I have been around and around with clients enough to know that there are many people that seem to think that venting crawl spaces in the winter is a bad idea–especially in the wet NW where outdoor winter humidity can be close to 100% for much of the time.

floodedcrawl3Why would anyone in their right mind want to draw all that wet air into the crawl space?  Sounds like a problem waiting to happen, doesn’t it?

To get to the answer however, we have to actually look at the science of humidity and how important to our homes (as well as to our answering the question) that we understand that humidity has a critical relationship with “temperature.”

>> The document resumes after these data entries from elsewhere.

lemma stable_homogeneous:
  assumes "infinite M"
  shows "\<exists>N\<subseteq>M. infinite N \<and>
    ((\<forall>t\<in>B. t \<subseteq> N \<longrightarrow> stable x t) \<or> (\<forall>t\<in>B. t \<subseteq> N \<longrightarrow> \<not> stable x t))"
proof -
  obtain N where "N \<subseteq> M" "infinite N" "\<exists>a. \<forall>t\<in>B. t \<subseteq> N \<longrightarrow> stable x t = a"
    using thin_colouring_homogeneous[OF barrier_thin[OF barrier_B], of "{True, False}" M "stable x"]
      assms by auto
  then show ?thesis by metis
qed

lemma no_unstable_sequence:
  assumes mono: "strict_mono xs" and range: "range xs \<subseteq> \<Union>B"
    and unstable: "\<And>k. \<not> stable (xs k) (barrier_prefix B (xs ` {Suc k..}))"
  shows False
proof -
  define t where "t k = barrier_prefix B (xs ` {k..})" for k
  have L: "xs ` {k..} \<subseteq> \<Union>B" "infinite (xs ` {k..})" for k
    using range strict_mono_infinite_image[OF mono infinite_Ici] by auto
  have t: "t k \<in> B" for k
    using barrier_prefix(1)[OF barrier_B L] unfolding t_def .
  have "upper A r (f (t k)) \<subset> upper A r (f (t (Suc k)))" for k
  proof -
    have "{k..} = insert k {Suc k..}" by auto
    then have split: "xs ` {k..} = insert (xs k) (xs ` {Suc k..})" by simp
    have less: "\<forall>y\<in>xs ` {Suc k..}. xs k < y"
      using strict_mono_less[OF mono] by auto
    have "xs k \<in> \<Union>B" using range by blast
    from barrier_prefix_insert(1)[OF barrier_B L[of "Suc k"] this less]
    have "init_seg (t k) (insert (xs k) (t (Suc k)))"
      unfolding t_def split by simp
    then have "barrier_prefix B (insert (xs k) (t (Suc k))) = t k"
      using barrier_prefix_eq[OF barrier_B t] by blast
    then have "\<not> upper A r (f (t (Suc k))) \<subseteq> upper A r (f (t k))"
      using unstable[of k] unfolding stable_def t_def by simp
    then show ?thesis
      using upper_linear[of "f (t k)" "f (t (Suc k))"] maps_into t by blast
  qed
  from wqo_upper_not_strictly_increasing[OF partial_order wqo, of "\<lambda>k. f (t k)", OF this]
  show False .
qed

lemma unstable_sequence:
  assumes unstable: "\<And>x M. x \<in> \<Union>B \<Longrightarrow> M \<subseteq> \<Union>B \<Longrightarrow> infinite M \<Longrightarrow> \<forall>y\<in>M. x < y \<Longrightarrow>
    \<exists>N\<subseteq>M. infinite N \<and> (\<forall>t\<in>B. t \<subseteq> N \<longrightarrow> \<not> stable x t)"
  shows "\<exists>xs :: nat \<Rightarrow> nat. strict_mono xs \<and> range xs \<subseteq> \<Union>B \<and>
    (\<forall>k. \<not> stable (xs k) (barrier_prefix B (xs ` {Suc k..})))"
proof -
  define I where "I p M \<longleftrightarrow> M \<subseteq> \<Union>B \<and> (\<forall>x\<in>p. \<forall>t\<in>B. t \<subseteq> M \<longrightarrow> \<not> stable x t)" for p M
  have start: "I {} (\<Union>B)" unfolding I_def by simp
  have step: "\<exists>x\<in>M. \<exists>N\<subseteq>{y\<in>M. x < y}. infinite N \<and> I (insert x p) N"
    if I: "I p M" and M: "infinite M" for p M
  proof -
    obtain x where "x \<in> M" using M by (metis ex_in_conv finite.emptyI)
    have "x \<in> \<Union>B" "{y\<in>M. x < y} \<subseteq> \<Union>B" using I \<open>x \<in> M\<close> unfolding I_def by auto
    from unstable[OF this infinite_tail[OF M]] obtain N where N: "N \<subseteq> {y\<in>M. x < y}" "infinite N"
      "\<forall>t\<in>B. t \<subseteq> N \<longrightarrow> \<not> stable x t"
      by blast
    then have "I (insert x p) N" using I unfolding I_def by blast
    then show ?thesis using \<open>x \<in> M\<close> N by blast
  qed
  have "\<exists>xs :: nat \<Rightarrow> nat. strict_mono xs \<and> range xs \<subseteq> \<Union>B \<and>
      (\<forall>k. \<exists>N. I (xs ` {..<k}) N \<and> infinite N \<and> xs ` {k..} \<subseteq> N)"
    using start barrier_Union_infinite[OF barrier_B] step by (rule fusion)
  then obtain xs :: "nat \<Rightarrow> nat" where mono: "strict_mono xs" and range: "range xs \<subseteq> \<Union>B"
    and stage: "\<forall>k. \<exists>N. I (xs ` {..<k}) N \<and> infinite N \<and> xs ` {k..} \<subseteq> N"
    by blast
  have "\<not> stable (xs k) (barrier_prefix B (xs ` {Suc k..}))" for k
  proof -
    obtain N where N: "I (xs ` {..<Suc k}) N" "xs ` {Suc k..} \<subseteq> N"
      using spec[OF stage, of "Suc k"] by blast
    let ?L = "xs ` {Suc k..}"
    have "?L \<subseteq> \<Union>B" "infinite ?L"
      using range strict_mono_infinite_image[OF mono infinite_Ici] by auto
    from barrier_prefix[OF barrier_B this]
    have "barrier_prefix B ?L \<in> B" "barrier_prefix B ?L \<subseteq> N"
      using N(2) init_seg_subset by blast+
    then show ?thesis using N(1) unfolding I_def by blast
  qed
  then show ?thesis using mono range by blast
qed

lemma exists_stable_point:
  obtains x0 N where "x0 \<in> \<Union>B" "N \<subseteq> \<Union>B" "infinite N" "\<forall>y\<in>N. x0 < y"
    "\<forall>t\<in>B. t \<subseteq> N \<longrightarrow> stable x0 t"
proof (rule ccontr)
  assume no_point: "\<not> thesis"
  note point = that
  have "\<exists>N\<subseteq>M. infinite N \<and> (\<forall>t\<in>B. t \<subseteq> N \<longrightarrow> \<not> stable x t)"
    if x: "x \<in> \<Union>B" and M: "M \<subseteq> \<Union>B" "infinite M" "\<forall>y\<in>M. x < y" for x M
  proof -
    from stable_homogeneous[OF M(2), where x = x] obtain N where N: "N \<subseteq> M" "infinite N"
      and alt: "(\<forall>t\<in>B. t \<subseteq> N \<longrightarrow> stable x t) \<or> (\<forall>t\<in>B. t \<subseteq> N \<longrightarrow> \<not> stable x t)"
      by blast
    have "N \<subseteq> \<Union>B" "\<forall>y\<in>N. x < y" using N(1) M by auto
    then have "\<not> (\<forall>t\<in>B. t \<subseteq> N \<longrightarrow> stable x t)"
      using point[OF x _ N(2)] no_point by blast
    then show ?thesis using alt N by blast
  qed
  then have "\<exists>xs :: nat \<Rightarrow> nat. strict_mono xs \<and> range xs \<subseteq> \<Union>B \<and>
      (\<forall>k. \<not> stable (xs k) (barrier_prefix B (xs ` {Suc k..})))"
    by (rule unstable_sequence)
  then show False using no_unstable_sequence by blast
qed

end

locale stable_point = bad_barrier_map +
  fixes x0 :: nat and N :: "nat set"
  assumes x0_mem: "x0 \<in> \<Union>B"
    and N_sub: "N \<subseteq> \<Union>B" and N_inf: "infinite N" and x0_less: "\<forall>y\<in>N. x0 < y"
    and stable_on_N: "\<And>t. t \<in> B \<Longrightarrow> t \<subseteq> N \<Longrightarrow> stable x0 t"
begin

lemma extension_dominated:
  assumes u: "insert x0 u \<in> B" and t: "t \<in> extensions B u" "t \<subseteq> N"
  shows "f t \<in> dominated A r (f (insert x0 u))"
proof -
  have tB: "t \<in> B" "init_seg u t" "u \<noteq> t" using t(1) unfolding extensions_def by auto
  have x0_t: "\<forall>y\<in>t. x0 < y" using t(2) x0_less by blast
  have seg: "init_seg (insert x0 u) (insert x0 t)" using init_seg_insert[OF tB(2) x0_t] .
  have "barrier_prefix B (insert x0 t) = insert x0 u"
    using barrier_prefix_eq[OF barrier_B u seg] .
  then have "upper A r (f t) \<subseteq> upper A r (f (insert x0 u))"
    using stable_on_N[OF tB(1) t(2)] unfolding stable_def by simp
  moreover have "insert x0 u \<lhd> t"
  proof (rule shift_relI[OF barrier_finite[OF barrier_B tB(1)] x0_t seg])
    have "x0 \<notin> t" "u \<subseteq> t" using x0_t init_seg_subset[OF tB(2)] by auto
    then show "insert x0 u \<noteq> insert x0 t"
      using tB(3) insert_ident[of x0 u t] by blast
  qed
  then have "f t \<notin> upper A r (f (insert x0 u))"
    using bad[OF u tB(1)] unfolding upper_def by blast
  ultimately show ?thesis using maps_into tB(1) unfolding dominated_def by blast
qed

lemma singleton_not_mem: "{x0} \<notin> B"
proof
  assume "{x0} \<in> B"
  have "\<forall>t\<in>B. t \<subseteq> N \<longrightarrow> f t \<in> dominated A r (f {x0})"
  proof (intro ballI impI)
    fix t assume "t \<in> B" "t \<subseteq> N"
    then have "t \<in> extensions B {}"
      using barrier_nonempty[OF barrier_B] unfolding extensions_def init_seg_def by auto
    then show "f t \<in> dominated A r (f {x0})"
      using extension_dominated[of "{}"] \<open>{x0} \<in> B\<close> \<open>t \<subseteq> N\<close> by simp
  qed
  from thin_colouring_homogeneous[OF barrier_thin[OF barrier_B] finite_dominated[OF wqo] N_inf this]
  obtain N' a where N': "N' \<subseteq> N" "infinite N'" "\<forall>t\<in>B. t \<subseteq> N' \<longrightarrow> f t = a"
    by blast
  have "N' \<subseteq> \<Union>B" using N'(1) N_sub by blast
  from not_constant[OF this N'(2)] N'(3) show False by blast
qed

lemma extensions_homogeneous_step:
  assumes p: "finite p" "p \<subseteq> N" and x: "x \<in> N" and M: "M \<subseteq> N" "infinite M"
  shows "\<exists>M'\<subseteq>M. infinite M' \<and> (\<forall>u\<subseteq>p. insert x0 (insert x u) \<in> B \<longrightarrow>
    (\<exists>c. \<forall>t\<in>extensions B (insert x u). t - insert x u \<subseteq> M' \<longrightarrow> f t = c))"
proof -
  define U where "U = {u. u \<subseteq> p \<and> insert x0 (insert x u) \<in> B}"
  define T where "T u = (\<lambda>t. t - insert x u) ` extensions B (insert x u)" for u
  have finU: "finite U" using p(1) unfolding U_def by simp
  have hyp: "thin (T u) \<and> finite (dominated A r (f (insert x0 (insert x u)))) \<and>
      (\<forall>s\<in>T u. s \<subseteq> M \<longrightarrow> f (insert x u \<union> s) \<in> dominated A r (f (insert x0 (insert x u))))"
    if "u \<in> U" for u
  proof (intro conjI ballI impI)
    show "thin (T u)" unfolding T_def by (rule thin_extensions_diff[OF barrier_B])
    show "finite (dominated A r (f (insert x0 (insert x u))))" by (rule finite_dominated[OF wqo])
    fix s assume "s \<in> T u" "s \<subseteq> M"
    then obtain t where t: "t \<in> extensions B (insert x u)" "s = t - insert x u"
      unfolding T_def by blast
    then have "insert x u \<union> s = t"
      unfolding extensions_def using init_seg_subset by blast
    moreover have "t \<subseteq> N" using t(2) \<open>s \<subseteq> M\<close> M(1) x p(2) \<open>u \<in> U\<close> unfolding U_def by blast
    ultimately show "f (insert x u \<union> s) \<in> dominated A r (f (insert x0 (insert x u)))"
      using extension_dominated \<open>u \<in> U\<close> t(1) unfolding U_def by blast
  qed
  from thin_colourings_homogeneous[where c = "\<lambda>u s. f (insert x u \<union> s)", OF finU M(2) hyp]
  obtain M' where M': "M' \<subseteq> M" "infinite M'"
    and const: "\<forall>u\<in>U. \<exists>c. \<forall>s\<in>T u. s \<subseteq> M' \<longrightarrow> f (insert x u \<union> s) = c"
    by blast
  have "\<exists>c. \<forall>t\<in>extensions B (insert x u). t - insert x u \<subseteq> M' \<longrightarrow> f t = c"
    if u: "u \<subseteq> p" "insert x0 (insert x u) \<in> B" for u
  proof -
    obtain c where c: "\<forall>s\<in>T u. s \<subseteq> M' \<longrightarrow> f (insert x u \<union> s) = c"
      using const u unfolding U_def by blast
    have "f t = c" if "t \<in> extensions B (insert x u)" "t - insert x u \<subseteq> M'" for t
    proof -
      have "insert x u \<union> (t - insert x u) = t"
        using that(1) unfolding extensions_def using init_seg_subset by blast
      moreover have "t - insert x u \<in> T u" using that(1) unfolding T_def by blast
      ultimately show ?thesis using c that(2) by metis
    qed
    then show ?thesis by blast
  qed
  then show ?thesis using M' by blast
qed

The truth, as counter-intuitive as it may seem, is that we can actually “lower” the moisture in a wet crawl space by bringing in this 100% moist air.

Some of you will be absolutely certain that I am celebrating WA State’s new Mary Jane law–but I assure you that, not only do I not inhale, but that I am not smoking anything funny at all.

Again the key is “temperature.”

Air at 40 degrees F cannot hold as much moisture as 100 degree F air.

Because of this simple fact, 40 degree air will reach saturation (100% humidity) much quicker.  So now let’s drag that 40 degree, 100% humidity air into the crawl space that is 50 degrees at 75% humidity.  Not only can it easily handle the moisture coming in, as the air is warmed to 50 degrees its humidity drops and results in the 75% air dropping to less than 75%.  There are a lot of factors, such as air flow, and how much the air flow will reduce crawl space temperature that will effect just how much the humidity will be lowered, but the point remains that the crawl space humidity, overall, will be lowered–not increased.

When you do not control crawl space moisture, bad things can happen

When you do not control crawl space moisture, bad things can happen

So now let’s keep the crawl space temperature at 50 degrees and drop the humidity to a more normal 50%.  The ability of that 50 degree air to absorb moisture in the colder air improves even more.

Interestingly enough, very few crawl spaces ever drop much below 50 degrees except perhaps near the perimeter where the cold of Mother Nature occasionally “takes-out” an outside faucet–at least in the mild Northwest.  Your Mother Nature may treat you differently where you live–it is wise to pay attention to Mother Nature and understand her idiosyncrasies in your area.

Generally speaking, wood moisture content (as measured by a moisture meter) tends to be slightly higher in summer than in winter when outside air is at higher temperature and at lower humidity and then the reverse happens.  75 degree air at 50% humidity will work to raise the humidity of the air in a crawl space with 50% humidity at 60 degrees.  The cooler air in the summer cannot hold as much moisture as the warmer outdoor air and the crawl space air reaches saturation quicker resulting in higher crawl space humidity and thus raising moisture levels in the woodwork.

But before it can become a problem, the seasons change and moisture levels naturally start to go the other way.

Different climate zones are affected by these same principles in different ways–that is why they are called “different climate zones.”  It is important for the builder to understand the climate the home is built in to understand how to allow for these principles to work in ways that don’t destroy the house or provide an environment conducive to wood destroying organisms and mold.

In the South, where humidity can be high year round, and temperatures are near saturation year round, venting crawl spaces at all is especially problematic.

Of course all of this is relative only to “vented” crawl spaces.  Since we have millions of homes with crawl spaces (and more are built every day) any conversation I might have about how they should not be allowed does nothing to deal with the ones that we do have already.

It is more important to understand how to maintain good humidity levels in crawl spaces so that problems do not arise.